[Start of Attachment]

text \<open>While the progression is shorter than \<open>N\<close>, a step may only lengthen it by one, which the
  invariant \<open>\<tau> (s - N) \<le> L\<close> tolerates because its left-hand side is then nonpositive.\<close>
lemma arith_prog_length_invariant_step:
  fixes \<tau> :: real and s L L' T N :: nat
  assumes "0 \<le> \<tau>" "\<tau> \<le> T" "T \<le> N" "s \<le> L" "\<tau> * (real s - N) \<le> L"
    and "L + 1 \<le> L'" "T \<le> L + 1 \<Longrightarrow> L + T \<le> L'"
  shows "\<tau> * (real (s + 1) - N) \<le> L'"
proof (cases "T \<le> L + 1")
  case True
  have "\<tau> * (real (s + 1) - N) = \<tau> * (real s - N) + \<tau>"
    by (simp add: algebra_simps)
  moreover have "real L + T \<le> L'"
    using assms(7) True by (simp flip: of_nat_add)
  ultimately show ?thesis
    using assms(2,5) by linarith
next
  case False
  then have "real (s + 1) - N \<le> 0"
    using assms(3,4) by simp
  with assms(1) have "\<tau> * (real (s + 1) - N) \<le> 0"
    by (simp add: mult_nonneg_nonpos)
  then show ?thesis
    by simp
qed

lemma sumset_contains_long_arith_prog:
  fixes \<tau> :: real and g N K :: nat and S :: "nat set"
  assumes nonempty: "\<forall>k\<in>{1..K}. A k \<noteq> {}" and "S \<subseteq> {1..K}"
    and unit: "\<forall>k\<in>S. \<exists>u. u \<in> A k \<and> u + int g \<in> A k"
    and long: "\<forall>k\<in>S. \<exists>v T. v \<in> A k \<and> v + int T * int g \<in> A k \<and> \<tau> \<le> T \<and> T \<le> N"
    and "0 \<le> \<tau>"
  shows "\<exists>a L. arith_prog a g L \<subseteq> sumset A K \<and> card S \<le> L \<and> \<tau> * (real (card S) - N) \<le> L"
proof -
  have grow: "\<exists>a L. arith_prog a g L \<subseteq> sumset A k \<and> card (S \<inter> {1..k}) \<le> L \<and>
      \<tau> * (real (card (S \<inter> {1..k})) - N) \<le> L" if "k \<le> K" for k
    using that
  proof (induction k)
    case 0
    have "arith_prog 0 g 0 \<subseteq> sumset A 0"
      by (simp add: arith_prog_def sumset_0)
    moreover have "\<tau> * (0 - real N) \<le> 0"
      using \<open>0 \<le> \<tau>\<close> by (simp add: mult_nonneg_nonpos)
    ultimately show ?case
      by fastforce
  next
    case (Suc k)
    then obtain a L where prog: "arith_prog a g L \<subseteq> sumset A k"
      and inv: "card (S \<inter> {1..k}) \<le> L" "\<tau> * (real (card (S \<inter> {1..k})) - N) \<le> L"
      by auto
    show ?case
    proof (cases "Suc k \<in> S")
      case True
      then have card_Suc: "card (S \<inter> {1..Suc k}) = card (S \<inter> {1..k}) + 1"
        by (simp add: atLeastAtMostSuc_conv Int_insert_right)
      obtain u v T where u: "u \<in> A (Suc k)" "u + int g \<in> A (Suc k)"
        and v: "v \<in> A (Suc k)" "v + int T * int g \<in> A (Suc k)" and T: "\<tau> \<le> T" "T \<le> N"
        using unit long True by blast
      obtain a' L' where prog': "arith_prog a' g L' \<subseteq> sumset A (Suc k)"
        and "L + 1 \<le> L'" "T \<le> L + 1 \<Longrightarrow> L + T \<le> L'"
        using arith_prog_sumset_Suc_extend[OF prog u v] by blast
      with arith_prog_length_invariant_step[OF \<open>0 \<le> \<tau>\<close> T inv] inv(1)
      have "card (S \<inter> {1..Suc k}) \<le> L'" "\<tau> * (real (card (S \<inter> {1..Suc k})) - N) \<le> L'"
        unfolding card_Suc by simp_all
      with prog' show ?thesis
        by blast
    next
      case False
      then have S_Suc: "S \<inter> {1..Suc k} = S \<inter> {1..k}"
        by (auto simp: le_Suc_eq)
      obtain w where "w \<in> A (Suc k)"
        using nonempty Suc.prems by fastforce
      with arith_prog_sumset_Suc[OF prog, of w 0] inv show ?thesis
        unfolding S_Suc by (intro exI[of _ "a + w"] exI[of _ L]) simp
    qed
  qed
  have "S \<inter> {1..K} = S"
    using \<open>S \<subseteq> {1..K}\<close> by blast
  with grow[OF order_refl] show ?thesis
    by simp
qed

lemma arith_prog_length_bound:
  fixes \<delta> B \<tau> :: real and D M s L :: nat
  assumes "0 < \<delta>" "0 < B" "0 < D" "(2 * D + 2 * D\<^sup>2 * B / \<delta>) * M \<le> real s * D" "s \<le> L"
    and "\<delta> * M / D - 1 \<le> \<tau>" "\<tau> * (real s - 2 * M) \<le> L"
  shows "B * (real M)\<^sup>2 \<le> L"
proof -
  have "(2 * D + 2 * D\<^sup>2 * B / \<delta>) * M = (2 * M + 2 * D * B * M / \<delta>) * D"
    by (simp add: field_simps power2_eq_square)
  with assms(3,4) have s_bound: "2 * M + 2 * D * B * M / \<delta> \<le> s"
    by (simp add: mult_le_cancel_right_pos)
  show ?thesis
  proof (cases "\<delta> * M < 2 * D")
    case True
    then have "real M \<le> 2 * D / \<delta>"
      using assms(1) by (simp add: pos_le_divide_eq mult.commute)
    then have "B * M * M \<le> B * M * (2 * D / \<delta>)"
      using assms(2) by (intro mult_left_mono) auto
    also have "\<dots> = 2 * D * B * M / \<delta>"
      by simp
    also have "\<dots> \<le> s"
      using s_bound by linarith
    finally show ?thesis
      using assms(5) by (simp add: power2_eq_square)
  next
    case False
    then have "\<delta> * M / (2 * D) \<le> \<tau>"
      using assms(3,6) by (simp add: field_simps)
    moreover have "0 \<le> \<delta> * M / (2 * D)"
      using assms(1) by simp
    ultimately have "0 \<le> \<tau>"
      by linarith
    moreover have "2 * D * B * M / \<delta> \<le> real s - 2 * M"
      using s_bound by simp
    ultimately have "(\<delta> * M / (2 * D)) * (2 * D * B * M / \<delta>) \<le> \<tau> * (real s - 2 * M)"
      using assms(1,2) \<open>\<delta> * M / (2 * D) \<le> \<tau>\<close> by (intro mult_mono) auto
    moreover have "(\<delta> * M / (2 * D)) * (2 * D * B * M / \<delta>) = B * (real M)\<^sup>2"
      using assms(1,3) by (simp add: field_simps power2_eq_square)
    ultimately show ?thesis
      using assms(7) by simp
  qed
qed

lemma dense_sumset_contains_arith_prog:
  fixes \<delta> B :: real and D M K :: nat and A :: "nat \<Rightarrow> int set"
  assumes "0 < B" "4 / \<delta> \<le> D" "2 \<le> \<delta> * M" "(2 * D + 2 * D\<^sup>2 * B / \<delta>) * M \<le> K"
    and dense: "\<forall>i\<in>{1..K}. A i \<subseteq> {-int M..int M} \<and> \<delta> * M \<le> card (A i)"
  shows "\<exists>a d. 1 \<le> d \<and> d \<le> D \<and> {a + int i * int d | i. real i \<le> B * (real M)\<^sup>2} \<subseteq> sumset A K"
proof -
  have "0 < \<delta>"
    using assms(3) mult_nonpos_nonneg[of \<delta> "real M"] by linarith
  then have "0 < real D"
    using assms(2) divide_pos_pos[of 4 \<delta>] by linarith
  then have "0 < D"
    by simp
  have nonempty: "\<forall>k\<in>{1..K}. A k \<noteq> {}"
    using dense assms(3) by fastforce
  have "\<forall>k\<in>{1..K}. \<exists>g\<in>{1..D}. \<exists>x. x \<in> A k \<and> x + int g \<in> A k"
    using small_difference_in_dense_set dense assms(2,3) by blast
  then obtain g S where g: "g \<in> {1..D}" and "S \<subseteq> {1..K}" "K \<le> card S * D"
    and unit: "\<forall>k\<in>S. \<exists>u. u \<in> A k \<and> u + int g \<in> A k"
    using pigeonhole_common_witness[of "{1..K}" "{1..D}" "\<lambda>k g. \<exists>x. x \<in> A k \<and> x + int g \<in> A k"]
      \<open>0 < D\<close> by auto
  define \<tau> where "\<tau> = max 0 (\<delta> * M / D - 1)"
  have "\<exists>v T. v \<in> A k \<and> v + int T * int g \<in> A k \<and> \<tau> \<le> T \<and> T \<le> 2 * M" if "k \<in> S" for k
  proof -
    have "k \<in> {1..K}"
      using that \<open>S \<subseteq> {1..K}\<close> by blast
    then obtain v T where "v \<in> A k" "v + int T * int g \<in> A k" "\<delta> * M / D - 1 \<le> T" "T \<le> 2 * M"
      using long_difference_in_dense_set[of "A k" M \<delta> g D] dense nonempty g by auto
    then show ?thesis
      by (auto simp: \<tau>_def)
  qed
  with unit obtain a L where prog: "arith_prog a g L \<subseteq> sumset A K"
    and "card S \<le> L" "\<tau> * (real (card S) - 2 * M) \<le> L"
    using sumset_contains_long_arith_prog[OF nonempty \<open>S \<subseteq> {1..K}\<close>, of g \<tau> "2 * M"]
    by (auto simp: \<tau>_def)
  moreover have "(2 * D + 2 * D\<^sup>2 * B / \<delta>) * M \<le> real (card S) * D"
    using assms(4) \<open>K \<le> card S * D\<close> by (simp flip: of_nat_mult)
  moreover have "\<delta> * M / D - 1 \<le> \<tau>"
    by (simp add: \<tau>_def)
  ultimately have "B * (real M)\<^sup>2 \<le> L"
    using arith_prog_length_bound[OF \<open>0 < \<delta>\<close> assms(1) \<open>0 < D\<close>] by blast
  then have "{a + int i * int g | i. real i \<le> B * (real M)\<^sup>2} \<subseteq> arith_prog a g L"
    by (auto simp: arith_prog_def)
  with prog g show ?thesis
    by (intro exI[of _ a] exI[of _ g]) auto
qed

theorem lemma2p12:
  fixes \<delta> B :: real
  assumes "\<delta> > 0" and "B > 0"
  shows "\<exists>(C::real) (d0::nat). C \<ge> 1 \<and> d0 \<ge> 1 \<and>
    (\<forall>(M::nat) (K::nat) (A::nat \<Rightarrow> int set).
       M > 0 \<longrightarrow> real K \<ge> C * real M \<longrightarrow>
       (\<forall>i\<in>{1..K}. A i \<subseteq> {-int M..int M} \<and> real (card (A i)) \<ge> \<delta> * real M) \<longrightarrow>
       \<delta> * real M \<ge> 2 \<longrightarrow>
       (\<exists>(a::int) (d::nat). 1 \<le> d \<and> d \<le> d0 \<and>
          {a + int i * int d | i::nat. real i \<le> B * (real M)^2} \<subseteq> sumset A K))"
proof -
  define D where "D = nat \<lceil>4 / \<delta>\<rceil>"
  define C where "C = 2 * D + 2 * D\<^sup>2 * B / \<delta>"
  have D_bound: "4 / \<delta> \<le> D"
    unfolding D_def by linarith
  then have "1 \<le> D"
    using assms(1) divide_pos_pos[of 4 \<delta>] by linarith
  moreover have "1 \<le> C"
    using \<open>1 \<le> D\<close> assms by (simp add: C_def add_increasing2)
  ultimately show ?thesis
  proof (intro exI[of _ C] exI[of _ D] conjI allI impI)
    fix M K :: nat and A :: "nat \<Rightarrow> int set"
    assume "C * M \<le> K" "\<forall>i\<in>{1..K}. A i \<subseteq> {-int M..int M} \<and> \<delta> * M \<le> card (A i)" "2 \<le> \<delta> * M"
    then show "\<exists>a d. 1 \<le> d \<and> d \<le> D \<and> {a + int i * int d | i. real i \<le> B * (real M)\<^sup>2} \<subseteq> sumset A K"
      using dense_sumset_contains_arith_prog[OF assms(2) D_bound] unfolding C_def by blast
  qed
qed

end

[End of Attachment]

> **REQUIRED ACTION**
If a line in the material holds "auto", copy it.

> **EXERCISE OUTPUT**
      by auto
        by (auto simp: le_Suc_eq)
      using assms(2) by (intro mult_left_mono) auto
      using assms(1,2) \<open>\<delta> * M / (2 * D) \<le> \<tau>\<close> by (intro mult_mono) auto
      \<open>0 < D\<close> by auto
      using long_difference_in_dense_set[of "A k" M \<delta> g D] dense nonempty g by auto
      by (auto simp: \<tau>_def)
    by (auto simp: \<tau>_def)
    by (auto simp: arith_prog_def)
    by (intro exI[of _ a] exI[of _ g]) auto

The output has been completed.